* PROBLEM TO WORK ON *
Only lines holding the word "lambda" are wanted from the records; copy all of them.

* INPUT DATA *
* * * *
(* Fix $0<\delta\le1$ and assume $h_0\in C_0^\infty(D)$ (extended by $0$ outside $D$). Let $\bar h^{N,\delta}$ be the solution of the discretized equation described in the context with initial data $\bar h^{N,\delta}(0)=\bar h^{N}_0$. Then for every $T>0$, $$\sup_N\sup_{0\le t\le T}\|\nabla^N\bar h^{N,\delta}(t)\|_{L^2(D)}^2<\infty.$$
   Context: Setting: $D\subset\mathbb{R}^d$ is a bounded connected domain with Lipschitz boundary containing the origin, such that for some $C>0$, for all $N$ large, all $z\in\mathbb{Z}^d\setminus(ND\cap\mathbb{Z}^d)$ and all $x,y\in ND\cap\mathbb{Z}^d$ with $|x-z|\le2,|y-z|\le2$, the graph distance in $ND\cap\mathbb{Z}^d$ between $x,y$ is $\le C$. $V:\mathbb{R}\to\mathbb{R}$ is $C^2$, even, $c_-\le V''\le c_+$ with $c_\pm>0$. $\sigma$ is the surface tension of $V$: $\sigma(u)=-\lim_{M\to\infty}M^{-d}\log(Z_M(u)/Z_M(0))$, $Z_M(u)=\int\exp(-\sum_{x\in(\mathbb{Z}/M\mathbb{Z})^d}\sum_{i=1}^dV(\phi(x+e_i)-\phi(x)+u_i))\prod_{x\ne0}d\phi(x)$, $\phi(0)=0$; $\sigma\in C^1$ with $c_-|u-v|^2\le(\nabla\sigma(u)-\nabla\sigma(v))\cdot(u-v)\le c_+|u-v|^2$. $\sigma^\delta=\sigma*\rho_\delta$, $\rho_\delta(u)=\delta^{-d}\rho(u/\delta)$, $\rho\in C_0^\infty$ nonnegative, symmetric, supported in the unit ball, $\int\rho=1$. Discretization: $B(\alpha,l)=\prod_i[\alpha_i-l/2,\alpha_i+l/2)$; $D_N=\{x\in ND\cap\mathbb{Z}^d;B(x/N,5/N)\subset D\}$; $\tilde D_N=\bigcup_{x\in D_N}B(x/N,1/N)$. Step functions with mesh $1/N$ are functions constant on each $B(x/N,1/N)$, $x\in\mathbb{Z}^d$. For $f:\mathbb{R}^d\to\mathbb{R}$, $g:\mathbb{R}^d\to\mathbb{R}^d$: $\nabla^N_if(\theta)=N(f(\theta+e_i/N)-f(\theta))$, $\nabla^{N,*}_if(\theta)=-N(f(\theta)-f(\theta-e_i/N))$, $\nabla^Nf=(\nabla^N_1f,\dots,\nabla^N_df)$, $\mathrm{div}_Ng=-\sum_i\nabla^{N,*}_ig_i$, and $\Delta_Nf(\theta)=N\sum_{i=1}^d(\nabla^N_if(\theta)1_{\theta\in\tilde D_N}1_{\theta+e_i/N\in\tilde D_N}-\nabla^N_if(\theta-e_i/N)1_{\theta\in\tilde D_N}1_{\theta-e_i/N\in\tilde D_N})$. The discretized equation is the ODE system for the step function $\bar h^{N,\delta}(t,\cdot)$: $\partial_t\bar h^{N,\delta}(t,\theta)=-\Delta_Nk^{N,\delta}(t,\theta)$, $k^{N,\delta}(t,\theta)=\mathrm{div}_N\{(\nabla\sigma^\delta)(\nabla^N\bar h^{N,\delta}(t))\}(\theta)$ for $\theta\in\tilde D_N$, $\bar h^{N,\delta}(t,\theta)=0$ for $\theta\notin\tilde D_N$, with initial data $\bar h^N_0(\theta)=N^d\int_{B(x/N,1/N)}h_0(\theta')d\theta'$ for $\theta\in B(x/N,1/N)$, $x\in\mathbb{Z}^d$. $\|\cdot\|_{L^2(D)}$ of an $\mathbb{R}^d$-valued function is $(\int_D|\cdot|^2)^{1/2}$. *)

theory Defs
  imports "HOL-Analysis.Analysis"
begin

text \<open>C-infinity functions on R^d: differentiable everywhere, with all partial
  derivatives again C-infinity (greatest fixed point).\<close>
coinductive smooth_fun :: "(real^'d \<Rightarrow> real) \<Rightarrow> bool" where
  "(\<forall>x. f differentiable (at x)) \<Longrightarrow>
   (\<forall>i. smooth_fun (\<lambda>x. frechet_derivative f (at x) (axis i 1))) \<Longrightarrow> smooth_fun f"

definition grad :: "(real^'d \<Rightarrow> real) \<Rightarrow> real^'d \<Rightarrow> real^'d" where
  "grad f u = (\<chi> i. frechet_derivative f (at u) (axis i 1))"

text \<open>Lipschitz boundary: locally, after an orthogonal change of coordinates,
  D is the subgraph of a Lipschitz function of the other d-1 coordinates.\<close>
definition lipschitz_boundary :: "(real^'d) set \<Rightarrow> bool" where
  "lipschitz_boundary D \<longleftrightarrow>
     (\<forall>p\<in>frontier D. \<exists>r>0. \<exists>(R::real^'d \<Rightarrow> real^'d) (j::'d) (g::real^'d \<Rightarrow> real) L.
        orthogonal_transformation R \<and>
        L-lipschitz_on UNIV g \<and>
        (\<forall>y. g y = g (\<chi> k. if k = j then 0 else y $ k)) \<and>
        (\<forall>x\<in>ball p r. x \<in> D \<longleftrightarrow> (R (x - p)) $ j < g (R (x - p))))"

definition lattice :: "(real^'d) set" where
  "lattice = {x. \<forall>i. x $ i \<in> \<int>}"

definition scaled_lattice :: "nat \<Rightarrow> (real^'d) set \<Rightarrow> (real^'d) set" where
  "scaled_lattice N D = {x \<in> lattice. x \<in> (\<lambda>y. real N *\<^sub>R y) ` D}"

definition lattice_path :: "(real^'d) set \<Rightarrow> real^'d \<Rightarrow> real^'d \<Rightarrow> nat \<Rightarrow> bool" where
  "lattice_path S x y n \<longleftrightarrow> (\<exists>p :: nat \<Rightarrow> real^'d. p 0 = x \<and> p n = y \<and>
      (\<forall>k\<le>n. p k \<in> S) \<and> (\<forall>k<n. norm (p (Suc k) - p k) = 1))"

definition graph_dist_le :: "(real^'d) set \<Rightarrow> real^'d \<Rightarrow> real^'d \<Rightarrow> real \<Rightarrow> bool" where
  "graph_dist_le S x y C \<longleftrightarrow> (\<exists>n. real n \<le> C \<and> lattice_path S x y n)"

definition admissible_domain :: "(real^'d) set \<Rightarrow> bool" where
  "admissible_domain D \<longleftrightarrow> open D \<and> connected D \<and> bounded D \<and> D \<noteq> {} \<and>
     lipschitz_boundary D \<and> 0 \<in> D \<and>
     (\<exists>C>0. \<exists>N0. \<forall>N\<ge>N0. \<forall>z \<in> lattice - scaled_lattice N D.
        \<forall>x\<in>scaled_lattice N D. \<forall>y\<in>scaled_lattice N D.
          norm (x - z) \<le> 2 \<longrightarrow> norm (y - z) \<le> 2 \<longrightarrow> graph_dist_le (scaled_lattice N D) x y C)"

text \<open>The discrete torus (Z/MZ)^d, represented by representatives in [0,M)^d.\<close>
definition torus :: "nat \<Rightarrow> (int^'d) set" where
  "torus M = {x. \<forall>i. 0 \<le> x $ i \<and> x $ i < int M}"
* * * *
* EXERCISE OUTPUT *
   (\<forall>i. smooth_fun (\<lambda>x. frechet_derivative f (at x) (axis i 1))) \<Longrightarrow> smooth_fun f"
  "scaled_lattice N D = {x \<in> lattice. x \<in> (\<lambda>y. real N *\<^sub>R y) ` D}"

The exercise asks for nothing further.